All Trustees, whether Estate Trustees or otherwise, have a duty to account to the beneficiaries on whose behalf a trust is being managed. That is to say, those vested with the power to manage property on behalf of others are obligated to provide to the beneficiaries an accounting of their dealings, particularly financial dealings, with the assets and liabilities of the trust or estate.
Oftentimes, the duty to account is satisfied informally. The Trustee(s) enjoy the confidence of the beneficiaries, on the strength of summary financial information they provide to them, and are released and on certain matters indemnified through the execution of releases and indemnities by each such beneficiary. Note that it is beyond the scope of this blog post to discuss the related distribution of the assets of a trust or estate, including considerations such as first obtaining a Clearance Certificate or those related to claiming Executor’s Compensation.
Formal Satisfaction of the Duty to Account
The Rules of Civil Procedure set out the nature of and requirements to pass accounts. That is to say, the process for formal – or judicial – review of a Trustee’s accounting, what we call a “passing of accounts”, is subject to specific requirements as to form and content.
A formal passing of accounts is not a strict requirement. Such a proceeding typically arises where one or more beneficiaries object to the informal financial information provided by the Trustee, such that a judicial determination becomes necessary. Otherwise, where the Public Guardian and Trustee or the Office of the Children’s Lawyer are involved, passings of accounts are commonplace. Of note, however, any party with a financial interest in the trust or estate can compel a passing of accounts by obtaining a court order.
As the term “accounts” implies, the exercise is largely a question of accounting – identifying and categorizing items such as original assets, original liabilities, assets held, assets distributed, assets received, liabilities outstanding, etc. These are generally filtered through four categories: capital receipts, capital disbursements, revenue receipts, and revenue disbursements. Where called upon to provide information related to particular transactions, the Trustee will be expected to have diligently kept records, such that he or she is in a position to provide vouchers as necessary (e.g., bank statements, receipts, etc.).
The Standard of Recordkeeping Required for an Estate Trustee and the Standard of Care with Respect to a Trustee’s Duty to Account
Baran v Cranston, 2022 ONSC 6636, provides a helpful refresher on the standard of recordkeeping required of an Estate Trustee and the standard of care with respect to a Trustee’s duty to account.
As stated at paragraph 14 of Baran, “the standard of care for an estate trustee is the standard of care of a person of ordinary care and diligence in managing their own affairs”. Thankfully, this standard is not one of perfection, as, per paragraph 16 of Baran, an “estate trustee [is] not required to obtain a receipt for every expense in order to allow her to be reimbursed for expenses she incurred, where she produced accurate accounts for all expenses, which were incurred for the benefit of the estate, along with […] corroborating documents.”

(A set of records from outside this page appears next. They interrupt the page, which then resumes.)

lemma continuous_on_diff_quot_lim: "continuous_on {0..1} (diff_quot_lim h)"
  unfolding continuous_on_iff
proof (intro ballI allI impI)
  fix x e :: real assume x: "x \<in> {0..1}" and "e > 0"
  then obtain d where d: "d > 0" "diff_quot_osc h (e/3) d"
    using h by (auto simp: diff_quot_cauchy_def dest: spec[of _ "e/3"])
  obtain N where N: "\<forall>n\<ge>N. \<bar>near_point n x - x\<bar> < d"
    using eventually_near_point_close[OF d(1) x] by blast
  define t where "t = near_point N x"
  have t: "t \<in> {0..1}" "x \<noteq> t" "\<bar>t - x\<bar> < d"
    using near_point(1,2)[OF x, of N] N by (auto simp: t_def)
  have "dist (diff_quot_lim h x') (diff_quot_lim h x) < e" if x': "x' \<in> {0..1}" "dist x' x < d" for x'
  proof -
    have "norm (diff_quot h x t - diff_quot_lim h x') \<le> e/3"
      using norm_diff_quot_minus_lim_le[OF d(2) x t(1) x'(1) t(2)] x'(2) t(3)
      by (simp add: dist_real_def abs_minus_commute)
    moreover have "norm (diff_quot h x t - diff_quot_lim h x) \<le> e/3"
      using norm_diff_quot_minus_lim_le[OF d(2) x t(1) x t(2)] t d by auto
    ultimately show ?thesis
      using norm_triangle_ineq4[of "diff_quot h x t - diff_quot_lim h x" "diff_quot h x t - diff_quot_lim h x'"]
        \<open>e > 0\<close> by (simp add: dist_norm norm_minus_commute)
  qed
  then show "\<exists>d>0. \<forall>x'\<in>{0..1}. dist x' x < d \<longrightarrow> dist (diff_quot_lim h x') (diff_quot_lim h x) < e"
    using d(1) by blast
qed

end

lemma C1_iff_diff_quot_cauchy:
  fixes h :: "real \<Rightarrow> 'a::banach"
  shows "(\<exists>g. continuous_on {0..1} g \<and> (\<forall>t\<in>{0..1}. (h has_vector_derivative g t) (at t within {0..1})))
    \<longleftrightarrow> diff_quot_cauchy h"
proof
  show "\<exists>g. continuous_on {0..1} g \<and> (\<forall>t\<in>{0..1}. (h has_vector_derivative g t) (at t within {0..1}))"
    if "diff_quot_cauchy h"
    using continuous_on_diff_quot_lim[OF that] diff_quot_cauchy_has_vector_derivative[OF that] by blast
next
  assume "\<exists>g. continuous_on {0..1} g \<and> (\<forall>t\<in>{0..1}. (h has_vector_derivative g t) (at t within {0..1}))"
  then obtain g where "continuous_on {0..1} g"
    "\<And>t. t \<in> {0..1} \<Longrightarrow> (h has_vector_derivative g t) (at t within {0..1})"
    by blast
  then show "diff_quot_cauchy h"
    by (rule C1_imp_diff_quot_cauchy[rotated])
qed

section \<open>Measurability of C1y and d2\<close>

lemma C1y_eq_diff_quot_cauchy: "C1y = {w \<in> Cpaths. diff_quot_cauchy (\<lambda>s. snd (w s))}"
  unfolding C1y_def using C1_iff_diff_quot_cauchy by blast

A common sense approach guides the determination as to whether a Trustee has met the standard of recordkeeping required of him or her and the standard of care expected with respect to his or her duty to account.
Failure to Comply with an Order to Pass Accounts
To emphasize the gravity of the duty to account, consider the case of Estate of Nordby, 2023 ONSC 821, where an Estate Trustee was imprisoned for contempt when he failed to comply with an order to pass accounts.
In Nordby, the Estate Trustee was the father of the deceased and grandfather to the beneficiaries. Mr. Nordby obtained a Certificate of Appointment of Estate Trustee with a Will on October 30, 2013, was ordered to pass accounts on April 12, 2017, and was found in contempt of the Order on September 28, 2022.
The Office of the Children’s Lawyer, acting as litigation guardian for the Estate Trustee’s minor grandson, demonstrated immense patience and restraint, attempting for several years to have the Estate Trustee comply with the 2017 Order. Even the 2022 Order showed grace – the contempt could be purged if accounts were passed within 60 days of the Order.
Notwithstanding the foregoing, Mr. Nordby seemingly took his duty lightly and, as a result, was ordered to be imprisoned for five days to, per paragraph 33 of the instant case, “make Mr. Nordby and the public ‘sit up and take notice.’”
Like the song lyric goes, Mr. Nordby “fought the law—and the law won.”
The role of Trustee can be both an immense privilege and an immense responsibility. When navigating the duties arising, it is prudent to consult with a qualified trust and estate lawyer.